Tanto a busca de riqueza quanto a fuga do dinheiro são termos opostos de um desequilíbrio interior. A primeira demonstra na pessoa uma insatisfação infinita, junto com um profundo sentimento de inferioridade que é acobertado pela aparente segurança dada pelos bens. De fato, se é verdade que “precisamos do dinheiro”, todavia é licito se perguntar: até que ponto a busca é “porque precisamos para viver” ou porque precisamos preencher alguns vazios de nossa vida ? E ainda, quando termina o “precisar”?

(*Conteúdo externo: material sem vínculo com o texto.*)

(* Let $U\subseteq\mathrm{Homeo}^+(\mathbb{R})$ and let $\sim$ be an equivalence relation on $\mathbb{R}$ such that: (1) no $\sim$-equivalence class has full measure (i.e., for each class $C$, $\mathbb{R}\setminus C$ has positive outer Lebesgue measure); and (2) for every $(x,y)\in\mathbb{R}^2$ there is $\varphi\in U$ with $\varphi(x)=y$ and $z\sim\varphi(z)$ for all $z\neq x$. Then there is no good $U$-anonymous weak $\mathbb{R}/\sim$-predictor. In fact, for every $U$-anonymous weak $\mathbb{R}/\sim$-predictor $\mathcal{P}$, the function $E:\mathbb{R}\to\mathbb{R}/\sim$, $E(x)=[x]_\sim$, satisfies: the set $\{x:\mathcal{P}(E|_{\mathbb{R}\setminus\{x\}})\neq E(x)\}$ does not have Lebesgue measure zero.
   Context: $\mathrm{Homeo}^+(\mathbb{R})$ is the group of increasing homeomorphisms of $\mathbb{R}$. For a set $S$, a weak $S$-predictor is a function $\mathcal{P}$ from the set of $S$-valued functions $f$ with domain $\mathbb{R}\setminus\{h_f\}$ for some $h_f\in\mathbb{R}$ into $S$. It is good if for every $F:\mathbb{R}\to S$ the set $\{x:\mathcal{P}(F|_{\mathbb{R}\setminus\{x\}})\neq F(x)\}$ has Lebesgue measure zero. It is $U$-anonymous if whenever $f,g$ are such functions with holes $h_f,h_g$, $\varphi\in U$, $\varphi(h_f)=h_g$, and $f=(g\circ\varphi)|_{\mathbb{R}\setminus\{h_f\}}$, then $\mathcal{P}(f)=\mathcal{P}(g)$. *)

theory Defs
  imports "HOL-Analysis.Analysis"
begin

definition Homeo_plus :: "(real \<Rightarrow> real) set" where
  "Homeo_plus = {\<phi>. (\<exists>\<psi>. homeomorphism UNIV UNIV \<phi> \<psi>) \<and> strict_mono \<phi>}"

definition holed_funs :: "'a set \<Rightarrow> (real \<Rightarrow> 'a option) set" where
  "holed_funs S = {f. (\<exists>h. dom f = UNIV - {h}) \<and> ran f \<subseteq> S}"

definition restr_hole :: "(real \<Rightarrow> 'a) \<Rightarrow> real \<Rightarrow> (real \<Rightarrow> 'a option)" where
  "restr_hole F x = (\<lambda>y. if y = x then None else Some (F y))"

definition weak_predictor :: "'a set \<Rightarrow> ((real \<Rightarrow> 'a option) \<Rightarrow> 'a) \<Rightarrow> bool" where
  "weak_predictor S P \<longleftrightarrow> (\<forall>f \<in> holed_funs S. P f \<in> S)"

definition good_predictor :: "'a set \<Rightarrow> ((real \<Rightarrow> 'a option) \<Rightarrow> 'a) \<Rightarrow> bool" where
  "good_predictor S P \<longleftrightarrow>
     (\<forall>F :: real \<Rightarrow> 'a. (\<forall>x. F x \<in> S) \<longrightarrow>
        {x. P (restr_hole F x) \<noteq> F x} \<in> null_sets lebesgue)"

definition anonymous_predictor ::
  "(real \<Rightarrow> real) set \<Rightarrow> 'a set \<Rightarrow> ((real \<Rightarrow> 'a option) \<Rightarrow> 'a) \<Rightarrow> bool" where
  "anonymous_predictor U S P \<longleftrightarrow>
     (\<forall>f \<in> holed_funs S. \<forall>g \<in> holed_funs S. \<forall>hf hg. \<forall>\<phi> \<in> U.
        dom f = UNIV - {hf} \<and> dom g = UNIV - {hg} \<and> \<phi> hf = hg \<and>
        (\<forall>y. y \<noteq> hf \<longrightarrow> f y = g (\<phi> y))
        \<longrightarrow> P f = P g)"

end

theory Submission
  imports Defs
begin

text \<open>
  Condition (2) moves any hole to any other hole by a map in \<open>U\<close> that preserves the class map
  \<open>E x = [x]\<close> off the hole, so by anonymity a predictor sees the same input \<open>E\<close> with a hole
  wherever the hole is: it predicts one fixed class \<open>C\<close> everywhere. It is therefore wrong exactly
  on the complement of \<open>C\<close>, which by condition (1) has positive outer measure.
\<close>

lemma Homeo_plus_inj: "\<phi> \<in> Homeo_plus \<Longrightarrow> inj \<phi>"
  by (auto simp: Homeo_plus_def strict_mono_imp_inj_on)

lemma dom_restr_hole [simp]: "dom (restr_hole F x) = UNIV - {x}"
  by (auto simp: restr_hole_def dom_def)

lemma restr_hole_in_holed_funs:
  assumes "\<And>y. F y \<in> S"
  shows "restr_hole F x \<in> holed_funs S"
proof -
  have "ran (restr_hole F x) \<subseteq> S" using assms by (auto simp: ran_def restr_hole_def)
  then show ?thesis unfolding holed_funs_def by (intro CollectI conjI exI[of _ x] dom_restr_hole)
qed

lemma restr_hole_transport:
  assumes "inj \<phi>" "\<phi> x = x'" "\<And>y. y \<noteq> x \<Longrightarrow> F (\<phi> y) = F y" "y \<noteq> x"
  shows "restr_hole F x y = restr_hole F x' (\<phi> y)"
proof -
  have "\<phi> y \<noteq> x'" using assms(1,2,4) by (auto dest: injD)
  then show ?thesis using assms(3,4) by (simp add: restr_hole_def)
qed

lemma anonymous_predictor_restr_hole_eq:
  assumes "anonymous_predictor U S P" "\<And>y. F y \<in> S"
    and "\<phi> \<in> U" "inj \<phi>" "\<phi> x = x'" "\<And>y. y \<noteq> x \<Longrightarrow> F (\<phi> y) = F y"
  shows "P (restr_hole F x) = P (restr_hole F x')"
proof -
  have "restr_hole F x y = restr_hole F x' (\<phi> y)" if "y \<noteq> x" for y
    using restr_hole_transport[where F = F, OF assms(4,5) assms(6) that] by blast
  then show ?thesis
    using assms(1)[unfolded anonymous_predictor_def, rule_format,
        of "restr_hole F x" "restr_hole F x'" \<phi> x x']
      restr_hole_in_holed_funs[OF assms(2)] assms(3,5) by simp
qed

lemma Collect_equiv_class_ne:
  assumes "equiv UNIV r" "C \<in> UNIV // r"
  shows "{x. C \<noteq> r `` {x}} = UNIV - C"
proof -
  obtain a where C: "C = r `` {a}" using assms(2) by (auto elim: quotientE)
  have "r `` {a} = r `` {x} \<longleftrightarrow> x \<in> r `` {a}" for x
    using eq_equiv_class_iff[OF assms(1)] by simp
  then show ?thesis unfolding C by auto
qed

lemma outer_measure_of_pos_not_null:
  assumes "0 < outer_measure_of M A"
  shows "A \<notin> null_sets M"
  using assms by (auto simp: null_sets_def)

lemma anonymous_class_predictor_const:
  assumes "U \<subseteq> Homeo_plus" "equiv UNIV r"
    and transitive: "\<forall>x y. \<exists>\<phi> \<in> U. \<phi> x = y \<and> (\<forall>z. z \<noteq> x \<longrightarrow> (z, \<phi> z) \<in> r)"
    and "anonymous_predictor U (UNIV // r) P"
  shows "P (restr_hole (\<lambda>x. r `` {x}) x) = P (restr_hole (\<lambda>x. r `` {x}) x')"
proof -
  obtain \<phi> where \<phi>: "\<phi> \<in> U" "\<phi> x = x'" "\<And>z. z \<noteq> x \<Longrightarrow> (z, \<phi> z) \<in> r"
    using transitive by blast
  have "r `` {\<phi> z} = r `` {z}" if "z \<noteq> x" for z
    using equiv_class_eq[OF assms(2) \<phi>(3)[OF that]] by simp
  with \<phi> assms(1) show ?thesis
    by (intro anonymous_predictor_restr_hole_eq[OF assms(4), where \<phi> = \<phi>])
      (auto intro: quotientI Homeo_plus_inj)
qed

lemma anonymous_class_predictor_errors_not_null:
  assumes "U \<subseteq> Homeo_plus" "equiv UNIV r"
    and "\<forall>C \<in> UNIV // r. outer_measure_of lebesgue (UNIV - C) > 0"
    and "\<forall>x y. \<exists>\<phi> \<in> U. \<phi> x = y \<and> (\<forall>z. z \<noteq> x \<longrightarrow> (z, \<phi> z) \<in> r)"
    and "weak_predictor (UNIV // r) P" "anonymous_predictor U (UNIV // r) P"
  shows "{x. P (restr_hole (\<lambda>x. r `` {x}) x) \<noteq> r `` {x}} \<notin> null_sets lebesgue"
proof -
  define C where "C = P (restr_hole (\<lambda>x. r `` {x}) 0)"
  have "restr_hole (\<lambda>x. r `` {x}) 0 \<in> holed_funs (UNIV // r)"
    by (rule restr_hole_in_holed_funs) (rule quotientI, simp)
  then have C: "C \<in> UNIV // r"
    using assms(5) unfolding weak_predictor_def C_def by blast
  have "{x. P (restr_hole (\<lambda>x. r `` {x}) x) \<noteq> r `` {x}} = {x. C \<noteq> r `` {x}}"
    using anonymous_class_predictor_const[OF assms(1,2,4,6)] unfolding C_def by metis
  also have "\<dots> = UNIV - C"
    using Collect_equiv_class_ne[OF assms(2) C] .
  finally show ?thesis
    using outer_measure_of_pos_not_null assms(3) C by metis
qed

theorem lemma5p2:
  fixes U :: "(real \<Rightarrow> real) set" and r :: "(real \<times> real) set"
  assumes "U \<subseteq> Homeo_plus"
    and "equiv UNIV r"
    and "\<forall>C \<in> UNIV // r. outer_measure_of lebesgue (UNIV - C) > 0"
    and "\<forall>x y. \<exists>\<phi> \<in> U. \<phi> x = y \<and> (\<forall>z. z \<noteq> x \<longrightarrow> (z, \<phi> z) \<in> r)"
  shows "\<not> (\<exists>P. weak_predictor (UNIV // r) P \<and> anonymous_predictor U (UNIV // r) P
                 \<and> good_predictor (UNIV // r) P)
         \<and> (\<forall>P. weak_predictor (UNIV // r) P \<and> anonymous_predictor U (UNIV // r) P \<longrightarrow>
              {x. P (restr_hole (\<lambda>x. r `` {x}) x) \<noteq> r `` {x}} \<notin> null_sets lebesgue)"
proof -
  have errors: "{x. P (restr_hole (\<lambda>x. r `` {x}) x) \<noteq> r `` {x}} \<notin> null_sets lebesgue"
    if "weak_predictor (UNIV // r) P" "anonymous_predictor U (UNIV // r) P" for P
    using anonymous_class_predictor_errors_not_null[OF assms that] .
  moreover have "\<not> good_predictor (UNIV // r) P"
    if "weak_predictor (UNIV // r) P" "anonymous_predictor U (UNIV // r) P" for P
    using errors[OF that] unfolding good_predictor_def
    by (metis UNIV_I quotientI)
  ultimately show ?thesis by blast
qed

end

A segunda atitude, a fuga, também demonstra não liberdade pois sempre que fugimos de alguma coisa esta sempre dominará o nosso inconsciente. È mais difícil viver com atitude de desprendimento dos bens do que viver sem eles. Jesus faz uma proposta para pessoas maduras: o uso correto, tanto na atitude quanto na finalidade. Tanto a busca sem limite, quanto o descaso ou desprezo do dinheiro mantém o homem na «escravidão», como diz o Evangelho. Ora, quem é escravo, não tem o coração livre para amar totalmente nem a Deus nem as pessoas.
Se você quiser conhecer verdadeiramente uma pessoa.... dê-lhe dinheiro nas mãos, em pouco tempo será claro a todos “quem” de fato ela é, como também será claro o significado de suas palavras e convicções. E isto Jesus o sabia muito bem.
Quanto ao uso do dinheiro, o Evangelho é claro: que sirva para fazer o bem, para aliviar o sofrimento daqueles que hoje não têm como retribuir; que sirva para criar amizade, fraternidade. Isto é bom uso dos bens.
Quanto à atitude, o Evangelho sugere o desapego. Seu significado, creio, é muito bem exposto por Paulo aos cristãos de Corinto aos quais escreve: «Irmãos: o tempo se faz breve. Por isso, ...os que compram, vivam como se não possuíssem; os que usam deste mundo, como se não usassem. Porque a figura deste mundo passa» (1Cor 7,30). Ou seja: já que o Reino de Deus é uma realidade muito perto de vocês, busquem este; quanto ao resto continuem fazendo o que faziam, mas tendo o coração projetado naquilo que é o bem maior. Se isto acontecer, vocês terão a liberdade do coração; esta vos permitirá viver “como se”, isto é, profundamente envolvidos em tudo, mas possuidores de uma realidade tão rica que vos permite superar qualquer proposta inferior, que vos amarra.